Figure 1 (Figure 3 in the paper) – Gas density and velocity for the prograde binary black hole simulations. Gas density is represented by color, with dark purple being the least dense and yellow/tan being the most dense. The blue lines with arrows represent the gas speed and direction. Each column represents a specific orbital eccentricity, with 0.3 on the left, 0.5 in the middle, and 0.7 on the right. Each x and y axis refers to the distance in units of the orbit’s elliptical semi-major axis. The top row represents the orbits at the pericenter, the point in the orbit where the orbiting objects are closest, and the bottom row shows the orbits at the apocenter, where they are furthest apart.
Figure 2 (Figure 3 in the paper) – Similar to Figure 1, but with the binary black holes in a retrograde orientation (opposite angular momentum vectors) with respect to the AGN instead of a prograde orientation (aligned angular momentum vectors).
Figure 3 (Figure 8 from the paper) – the amount of mass accreted for six selected binary black hole systems over twenty orbits. The x-axis represents the number of orbits of the binary system, and the y-axis represents the amount of mass accreted. The cold colors represent the prograde orbits at the three eccentricities: 0.1 (light blue), 0.3 (mid-blue), and 0.5 (dark blue). The warm colors represent mass accreted by the retrograde orbits at three eccentricities: 0.1 (yellow). 0.3 (orange) and 0.7 (red). The authors find that retrograde binaries accrete more mass in shorter times on average than prograde binaries and higher eccentricity orbits accrete more than lower eccentricity orbits. .

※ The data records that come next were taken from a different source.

(* Let $D^*:\mathcal{A}\to\mathcal{A}$ be defined by $D^*v=\mathrm{Res}_w\, w^{-2}(\mathrm{Id}\otimes c)Y(w)v$ (the coefficient of $w^1$ in $(\mathrm{Id}\otimes c)Y(w)v\in\mathcal{A}[w]$). Then $D^*$ is a derivation of $\mathcal{A}$ with $D^*(t_{a,b})=b\,t_{a,b-1}$ for all $a,b\ge0$ (in particular $D^*(t_{0,n})=n\,t_{0,n-1}$, $D^*(t_{2,0})=0$), and the identity $$\frac{d}{dw}Y(w)=Y(w)D^*-(\mathrm{Id}\otimes D^* )Y(w)$$ holds as maps $\mathcal{A}\to(\mathcal{A}\otimes\mathcal{A})(\!(w^{-1})\!)$.
   Context: Fix $\epsilon_1+\epsilon_2+\epsilon_3=0$, $\sigma_2=\epsilon_1^2+\epsilon_1\epsilon_2+\epsilon_2^2$, $\sigma_3=\epsilon_1\epsilon_2\epsilon_3$. $\mathcal{A}=U_{\epsilon_1}(\mathfrak{gl}_1\otimes\mathrm{Diff}_{\epsilon_2}(\mathbb{C}))$ is the associative algebra with elements $t_{m,n}$ ($m,n\ge0$) satisfying $[t_{0,0},t_{c,d}]=0$, $[t_{1,0},t_{c,d}]=d\,t_{c,d-1}$, $[t_{0,1},t_{c,d}]=-c\,t_{c-1,d}$, $[t_{2,0},t_{c,d}]=2d\,t_{c+1,d-1}$, $[t_{1,1},t_{c,d}]=(d-c)t_{c,d}$, $[t_{0,2},t_{c,d}]=-2c\,t_{c-1,d+1}$, and $[t_{3,0},t_{c,d}]=3d\,t_{c+2,d-1}+\sigma_2\frac{d(d-1)(d-2)}{4}t_{c,d-3}+\frac{3}{2}\sigma_3\sum_{m=0}^{d-3}\sum_{n=0}^{c}\frac{\binom{m+n+1}{n+1}(n+1)\binom{d-m+c-n-2}{c-n+1}(c-n+1)}{\binom{d+c}{c}}t_{n,m}t_{c-n,d-3-m}$; it is generated by $t_{2,0}$ and $t_{0,n}$, $n\ge0$. $Y(w)=\Delta_{\mathcal{A}}:\mathcal{A}\to(\mathcal{A}\otimes\mathcal{A})(\!(w^{-1})\!)$ is the algebra homomorphism with $Y(w)t_{0,n}=1\otimes t_{0,n}+\sum_{m=0}^n\binom{n}{m}w^{n-m}t_{0,m}\otimes1$ and $Y(w)t_{2,0}=1\otimes t_{2,0}+t_{2,0}\otimes1+2\sigma_3\sum_{m,n\ge0}\frac{(m+n+1)!}{m!n!}(-1)^nw^{-n-m-2}t_{0,n}\otimes t_{0,m}$. $c:\mathcal{A}\to\mathbb{C}$ is the augmentation algebra homomorphism with $c(1)=1$, $c(t_{a,b})=0$. *)

theory Defs
  imports Complex_Main
begin

text \<open>A ring 'a is a C-algebra via sc, where z . x := sc z * x.\<close>
definition calg :: "(complex \<Rightarrow> 'a::ring_1) \<Rightarrow> bool" where
  "calg sc \<longleftrightarrow> (\<forall>z w. sc (z + w) = sc z + sc w) \<and> (\<forall>z w. sc (z * w) = sc z * sc w)
     \<and> sc 1 = 1 \<and> (\<forall>z x. sc z * x = x * sc z)"

definition clinear_map :: "(complex \<Rightarrow> 'a::ring_1) \<Rightarrow> (complex \<Rightarrow> 'b::ring_1) \<Rightarrow> ('a \<Rightarrow> 'b) \<Rightarrow> bool" where
  "clinear_map scA scB f \<longleftrightarrow> (\<forall>x y. f (x + y) = f x + f y) \<and> (\<forall>z x. f (scA z * x) = scB z * f x)"

definition cbilinear :: "(complex \<Rightarrow> 'a::ring_1) \<Rightarrow> (complex \<Rightarrow> 'b::ring_1) \<Rightarrow> ('a \<Rightarrow> 'a \<Rightarrow> 'b) \<Rightarrow> bool" where
  "cbilinear scA scB f \<longleftrightarrow> (\<forall>y. clinear_map scA scB (\<lambda>x. f x y)) \<and> (\<forall>x. clinear_map scA scB (f x))"

definition comm :: "'a::ring \<Rightarrow> 'a \<Rightarrow> 'a" where
  "comm x y = x * y - y * x"

inductive_set alg_gen :: "(complex \<Rightarrow> 'a::ring_1) \<Rightarrow> 'a set \<Rightarrow> 'a set" for sc G where
  gen: "x \<in> G \<Longrightarrow> x \<in> alg_gen sc G"
| scal: "sc z \<in> alg_gen sc G"
| add: "x \<in> alg_gen sc G \<Longrightarrow> y \<in> alg_gen sc G \<Longrightarrow> x + y \<in> alg_gen sc G"
| mult: "x \<in> alg_gen sc G \<Longrightarrow> y \<in> alg_gen sc G \<Longrightarrow> x * y \<in> alg_gen sc G"

text \<open>'b with tens x y = x \<otimes> y is the tensor square of the C-algebra 'a (as an algebra,
  with factorwise multiplication); universal property stated for targets 'a and 'b.\<close>
definition is_tensor_square ::
  "(complex \<Rightarrow> 'a::ring_1) \<Rightarrow> (complex \<Rightarrow> 'b::ring_1) \<Rightarrow> ('a \<Rightarrow> 'a \<Rightarrow> 'b) \<Rightarrow> bool" where
  "is_tensor_square sc sc2 tens \<longleftrightarrow> calg sc2 \<and> cbilinear sc sc2 tens \<and> tens 1 1 = 1
     \<and> (\<forall>x y x' y'. tens x y * tens x' y' = tens (x * x') (y * y'))
     \<and> (\<forall>f::'a \<Rightarrow> 'a \<Rightarrow> 'a. cbilinear sc sc f \<longrightarrow>
           (\<exists>!L. clinear_map sc2 sc L \<and> (\<forall>x y. L (tens x y) = f x y)))
     \<and> (\<forall>f::'a \<Rightarrow> 'a \<Rightarrow> 'b. cbilinear sc sc2 f \<longrightarrow>
           (\<exists>!L. clinear_map sc2 sc2 L \<and> (\<forall>x y. L (tens x y) = f x y)))"

definition tlift :: "(complex \<Rightarrow> 'b::ring_1) \<Rightarrow> (complex \<Rightarrow> 'c::ring_1) \<Rightarrow> ('a \<Rightarrow> 'a \<Rightarrow> 'b)
    \<Rightarrow> ('a \<Rightarrow> 'a \<Rightarrow> 'c) \<Rightarrow> 'b \<Rightarrow> 'c" where
  "tlift scB scC tens f = (THE L. clinear_map scB scC L \<and> (\<forall>x y. L (tens x y) = f x y))"

section \<open>Laurent series in w^{-1}: coefficient functions with support bounded above\<close>

definition laurent :: "(int \<Rightarrow> 'b::zero) \<Rightarrow> bool" where
  "laurent F \<longleftrightarrow> (\<exists>N. \<forall>k>N. F k = 0)"

definition lmul :: "(int \<Rightarrow> 'b::ring) \<Rightarrow> (int \<Rightarrow> 'b) \<Rightarrow> int \<Rightarrow> 'b" where
  "lmul F G k = (\<Sum>i | F i \<noteq> 0 \<and> G (k - i) \<noteq> 0. F i * G (k - i))"

definition lone :: "int \<Rightarrow> 'b::{zero,one}" where
  "lone k = (if k = 0 then 1 else 0)"

definition sigma2 :: "complex \<Rightarrow> complex \<Rightarrow> complex" where
  "sigma2 e1 e2 = e1^2 + e1 * e2 + e2^2"

definition sigma3 :: "complex \<Rightarrow> complex \<Rightarrow> complex \<Rightarrow> complex" where
  "sigma3 e1 e2 e3 = e1 * e2 * e3"

definition A_relations :: "(complex \<Rightarrow> 'a::ring_1) \<Rightarrow> complex \<Rightarrow> complex \<Rightarrow> complex
    \<Rightarrow> (nat \<Rightarrow> nat \<Rightarrow> 'a) \<Rightarrow> bool" where
  "A_relations sc e1 e2 e3 t \<longleftrightarrow> (\<forall>c d.
     comm (t 0 0) (t c d) = 0
   \<and> comm (t 1 0) (t c d) = sc (of_nat d) * t c (d - 1)
   \<and> comm (t 0 1) (t c d) = sc (- of_nat c) * t (c - 1) d
   \<and> comm (t 2 0) (t c d) = sc (2 * of_nat d) * t (c + 1) (d - 1)
   \<and> comm (t 1 1) (t c d) = sc (of_nat d - of_nat c) * t c d
   \<and> comm (t 0 2) (t c d) = sc (- 2 * of_nat c) * t (c - 1) (d + 1)
   \<and> comm (t 3 0) (t c d) =
        sc (3 * of_nat d) * t (c + 2) (d - 1)
      + sc (sigma2 e1 e2 * of_nat d * (of_nat d - 1) * (of_nat d - 2) / 4) * t c (d - 3)
      + (if 3 \<le> d then
          sc (3 / 2 * sigma3 e1 e2 e3) *
          (\<Sum>m\<in>{0..d - 3}. \<Sum>n\<in>{0..c}.
             sc (of_nat ((m + n + 1) choose (n + 1)) * of_nat (n + 1)
                 * of_nat ((d - m + c - n - 2) choose (c - n + 1)) * of_nat (c - n + 1)
                 / of_nat ((d + c) choose c))
             * (t n m * t (c - n) (d - 3 - m)))
         else 0))"

text \<open>Coefficient of w^k in Y(w) t_{0,n}.\<close>
definition Y_t0 :: "('a::ring_1 \<Rightarrow> 'a \<Rightarrow> 'b::ring_1) \<Rightarrow> (complex \<Rightarrow> 'b) \<Rightarrow> (nat \<Rightarrow> nat \<Rightarrow> 'a) \<Rightarrow> nat \<Rightarrow> int \<Rightarrow> 'b" where
  "Y_t0 tens sc2 t n k =
     (if k = 0 then tens 1 (t 0 n) else 0)
   + (if 0 \<le> k \<and> k \<le> int n then sc2 (of_nat (n choose nat k)) * tens (t 0 (n - nat k)) 1 else 0)"

text \<open>Coefficient of w^k in Y(w) t_{2,0}.\<close>
definition Y_t2 :: "('a::ring_1 \<Rightarrow> 'a \<Rightarrow> 'b::ring_1) \<Rightarrow> (complex \<Rightarrow> 'b) \<Rightarrow> complex \<Rightarrow> (nat \<Rightarrow> nat \<Rightarrow> 'a) \<Rightarrow> int \<Rightarrow> 'b" where
  "Y_t2 tens sc2 s3 t k =
     (if k = 0 then tens 1 (t 2 0) + tens (t 2 0) 1 else 0)
   + (if k \<le> -2 then
        (\<Sum>n\<in>{0..nat (- k - 2)}. let m = nat (- k - 2) - n in
           sc2 (2 * s3 * of_nat (fact (m + n + 1)) / (of_nat (fact m) * of_nat (fact n)) * (-1) ^ n)
           * tens (t 0 n) (t 0 m))
      else 0)"

text \<open>D^* v = Res_w w^{-2} (Id \<otimes> c) Y(w) v, i.e. (Id \<otimes> c) applied to the w^1 coefficient.\<close>
definition Dstar :: "(complex \<Rightarrow> 'a::ring_1) \<Rightarrow> (complex \<Rightarrow> 'b::ring_1) \<Rightarrow> ('a \<Rightarrow> 'a \<Rightarrow> 'b)
    \<Rightarrow> ('a \<Rightarrow> complex) \<Rightarrow> ('a \<Rightarrow> int \<Rightarrow> 'b) \<Rightarrow> 'a \<Rightarrow> 'a" where
  "Dstar sc sc2 tens c Y v = tlift sc2 sc tens (\<lambda>x y. sc (c y) * x) (Y v 1)"

end

theory Submission
  imports Defs
begin

text \<open>The map id_c = Id \<otimes> c is an algebra homomorphism, so the counit property
  (Id \<otimes> c) Y(w) v = v + O(w), checked on the generators t_{2,0} and t_{0,n}, propagates to
  all of A; the coefficient of w^1 in (Id \<otimes> c) Y(w) (u v) = ((Id \<otimes> c) Y(w) u) ((Id \<otimes> c) Y(w) v)
  then makes D* a derivation. D* kills t_{2,0}, so it commutes with ad t_{2,0}, which raises
  the first index; this gives D*(t_{a,b}) = b t_{a,b-1} from the case a = 0.
  Both d/dw and Id \<otimes> D* are derivations of Laurent series, so the identity
  d/dw Y(w) = Y(w) D* - (Id \<otimes> D*) Y(w) is preserved by products and only has to be checked
  on the generators: for t_{0,n} it is the binomial identity (j+1) C(n,j+1) = n C(n-1,j), for
  t_{2,0} a recursion for the coefficients of Y(w) t_{2,0}.\<close>

section \<open>Linear and bilinear maps over an embedded copy of C\<close>

lemma calg_add: "calg sc \<Longrightarrow> sc (a + b) = sc a + sc b"
  unfolding calg_def by blast

lemma calg_mult: "calg sc \<Longrightarrow> sc (a * b) = sc a * sc b"
  unfolding calg_def by blast

lemma calg_one: "calg sc \<Longrightarrow> sc 1 = 1"
  unfolding calg_def by blast

lemma calg_central: "calg sc \<Longrightarrow> sc z * x = x * sc z"
  unfolding calg_def by blast

lemma calg_central_left: "calg sc \<Longrightarrow> x * (sc z * y) = sc z * (x * y)"
  by (metis calg_central mult.assoc)

lemma calg_zero: "calg sc \<Longrightarrow> sc 0 = 0"
  using calg_add[of sc 0 0] by simp

lemma calg_minus: "calg sc \<Longrightarrow> sc (- a) = - sc a"
  using calg_add[of sc "- a" a] calg_zero[of sc] by (simp add: eq_neg_iff_add_eq_0)

lemma calg_diff: "calg sc \<Longrightarrow> sc (a - b) = sc a - sc b"
  using calg_add[of sc a "- b"] calg_minus[of sc b] by simp

lemma calg_of_nat: "calg sc \<Longrightarrow> sc (of_nat n) = of_nat n"
  by (induction n) (simp_all add: calg_zero calg_add calg_one)

lemma calg_of_int: "calg sc \<Longrightarrow> sc (of_int n) = of_int n"
  by (cases n rule: int_cases) (simp_all add: calg_of_nat calg_minus calg_diff calg_one)

lemma clinear_map_add: "clinear_map scA scB f \<Longrightarrow> f (x + y) = f x + f y"
  unfolding clinear_map_def by blast

lemma clinear_map_scale: "clinear_map scA scB f \<Longrightarrow> f (scA z * x) = scB z * f x"
  unfolding clinear_map_def by blast

lemma clinear_map_zero: "clinear_map scA scB f \<Longrightarrow> f 0 = 0"
  using clinear_map_add[of scA scB f 0 0] by simp

lemma clinear_map_minus: "clinear_map scA scB f \<Longrightarrow> f (- x) = - f x"
  using clinear_map_add[of scA scB f "- x" x] clinear_map_zero[of scA scB f]
  by (simp add: eq_neg_iff_add_eq_0)

lemma clinear_map_diff: "clinear_map scA scB f \<Longrightarrow> f (x - y) = f x - f y"
  using clinear_map_add[of scA scB f x "- y"] clinear_map_minus[of scA scB f y] by simp

lemma clinear_map_sum: "clinear_map scA scB f \<Longrightarrow> f (sum g S) = (\<Sum>i\<in>S. f (g i))"
  using sum_comp_morphism[of f g S] by (simp add: clinear_map_zero clinear_map_add o_def)

lemma cbilinearI:
  assumes "\<And>x x' y. f (x + x') y = f x y + f x' y"
    and "\<And>x y y'. f x (y + y') = f x y + f x y'"
    and "\<And>z x y. f (scA z * x) y = scB z * f x y"
    and "\<And>z x y. f x (scA z * y) = scB z * f x y"
  shows "cbilinear scA scB f"
  unfolding cbilinear_def clinear_map_def using assms by blast

lemma cbilinear_linear_left: "cbilinear scA scB f \<Longrightarrow> clinear_map scA scB (\<lambda>x. f x y)"
  unfolding cbilinear_def by blast

lemma cbilinear_linear_right: "cbilinear scA scB f \<Longrightarrow> clinear_map scA scB (f x)"
  unfolding cbilinear_def by blast

lemma cbilinear_compose_linear:
  assumes "cbilinear scA scB f" "clinear_map scB scC L"
  shows "cbilinear scA scC (\<lambda>x y. L (f x y))"
  using assms unfolding cbilinear_def clinear_map_def by simp

section \<open>The tensor square\<close>

lemma tlift_universal:
  assumes "\<exists>!L. clinear_map scB scC L \<and> (\<forall>x y. L (tens x y) = f x y)"
  shows "clinear_map scB scC (tlift scB scC tens f)"
    and "tlift scB scC tens f (tens x y) = f x y"
  using theI'[OF assms] unfolding tlift_def by blast+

One quantity they examine is how much mass the binaries accrete. This accretion is an indicator that these binaries may acquire enough mass to be an infamous IMBH. Their simulations show that retrograde-oriented orbits tend to accrete mass more quickly. In addition to this mass accretion rate, they also find that retrograde binaries increase in eccentricity over multiple obits (typically, isolated black hole binaries – binary systems out in space with no other major influence like an AGN – have orbits that become smaller and more circular through a process called ‘hardening‘). This unexpected growth in eccentricity brings them closer at the pericenter of the orbit, which means that gravitational wave emission can decay the orbit more quickly, allowing the merge to happen sooner. From this observation, the authors conclude that their simulations show further evidence that AGN disks may be a rich soil to form the IMBHs above the stellar mass range, especially if those black hole systems have retrograde orientations to their host AGN and have highly eccentric orbits.